★ Antennagate is real

Mark Bernstein: “I blame a corrupt trade press. The way you get attention and make money — not much money — in this game is to start flame wars, and so “Apple ships lousy operating system! Scroll bars backwards! Apple doomed!” gets links and traffic and sells ads for off-brand iPad cases. And of course some of the financial press try to launch memes to manipulate stock prices — either because they play the market or simply to show what big lever-pullers they are.”

 

John Gruber: “One word: Antennagate”

 

Me last month: “MG was pointing out the absurdity of some report I won’t even link to where a guy says iPhone 5 will arrive in October and not September. I personally don’t care when it gets here because I still TO THIS DAY have signal issues with my iPhone. No one talks about it anymore but, every single day of my life with the iPhone 4, I have to hold it upside down with the screen facing away from me to load webpages, emails and send tweets. I hate talking on the phone because the signal drops. My iPhone signal is shit and I hate it. Thank god I have WiFi at home at work.
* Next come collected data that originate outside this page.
lemma sum_card_placements_meeting_le:
  assumes "s \<ge> 1" "t \<ge> 4" "d \<ge> 3 * t - 5" "I \<subseteq> {3..<t}" "T \<subseteq> wheel_edges d s" "card T = 3"
  shows "(\<Sum>\<sigma>\<in>directions t I. card (placements_meeting d s t (spoke_offsets t I) T \<sigma>))
    \<le> (if theta_symmetric t I then max (s * (t - 2)) (t - 1) else max (2 * s * (t - 2)) (2 * (t - 1)))"
proof -
  let ?P = "placements_meeting d s t (spoke_offsets t I) T"
  have bound: "card (?P \<sigma>) \<le> max (s * (t - 2)) (t - 1)" if "\<sigma> = 1 \<or> \<sigma> = -1" for \<sigma>
    using that assms spoke_offsets_subset[of I t] by (intro card_placements_le) auto
  show ?thesis
  proof (cases "theta_symmetric t I")
    case True
    then show ?thesis using bound[of 1] by (simp add: directions_def)
  next
    case False
    then have "(\<Sum>\<sigma>\<in>directions t I. card (?P \<sigma>)) = card (?P 1) + card (?P (-1))"
      by (simp add: directions_def)
    also have "\<dots> \<le> 2 * max (s * (t - 2)) (t - 1)"
      using bound[of 1] bound[of "-1"] by simp
    also have "\<dots> = max (2 * s * (t - 2)) (2 * (t - 1))"
      by (simp add: max_def mult.assoc)
    finally show ?thesis using False by simp
  qed
qed

theorem lemma2p2:
  fixes d s t l :: nat and I :: "nat set" and T :: "(nat + nat) set set"
  assumes "s \<ge> 1" and "d \<ge> 3 * t - 5" and "t \<ge> 4" and "t \<ge> l + 3"
    and "I \<subseteq> {3..<t}" and "card I = l"
    and "T \<subseteq> wheel_edges d s" and "card T = 3"
  shows "card {(VH, EH). is_subgraph (wheel_verts d s) (wheel_edges d s) VH EH
              \<and> graph_iso (theta_verts t) (theta_edges t I) VH EH
              \<and> card (VH \<inter> wheel_hubs s) = 1
              \<and> card (T \<inter> EH) \<ge> 2}
         \<le> (if theta_symmetric t I then max (s * (t - 2)) (t - 1)
             else max (2 * s * (t - 2)) (2 * (t - 1)))"
proof -
  have "card (one_hub_theta_copies d s t I T)
      \<le> (\<Sum>\<sigma>\<in>directions t I. card (placements_meeting d s t (spoke_offsets t I) T \<sigma>))"
    using assms by (intro card_one_hub_theta_copies_le)
  also have "\<dots> \<le> (if theta_symmetric t I then max (s * (t - 2)) (t - 1)
                   else max (2 * s * (t - 2)) (2 * (t - 1)))"
    using assms by (intro sum_card_placements_meeting_le)
  finally show ?thesis unfolding one_hub_theta_copies_def .
qed

end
If I didn’t, this phone would have been in the trash can and I’d be an Android user. Antenna gate should have been made to be a bigger deal. A lot of us have to hold the iPhone awkwardly to get service. Fact.” Antenna gate is real and I still suffer from it. I wish more journalists would accept that.


Sam Howat last week: “A good example of this involves iPhone and AT&T. For years, AT&T has struggled to provide good service in the San Francisco and Silicon Valley areas. This has led many prominent tech bloggers to chastise AT&T — via tweets and blog posts — for their horrible service. While many of these writers were careful how they framed their claims — to protect themselves legally — it’s not hard to remember the furor that they stirred up. The fact of the matter is, while AT&T’s service may not have been great in the SF area, a good portion of the United States had perfectly good service where they live.”

Exactly my point. Writers either have great service or they don’t. Their service problems become the world’s service problems. Antennagate affects everyone though. Fact.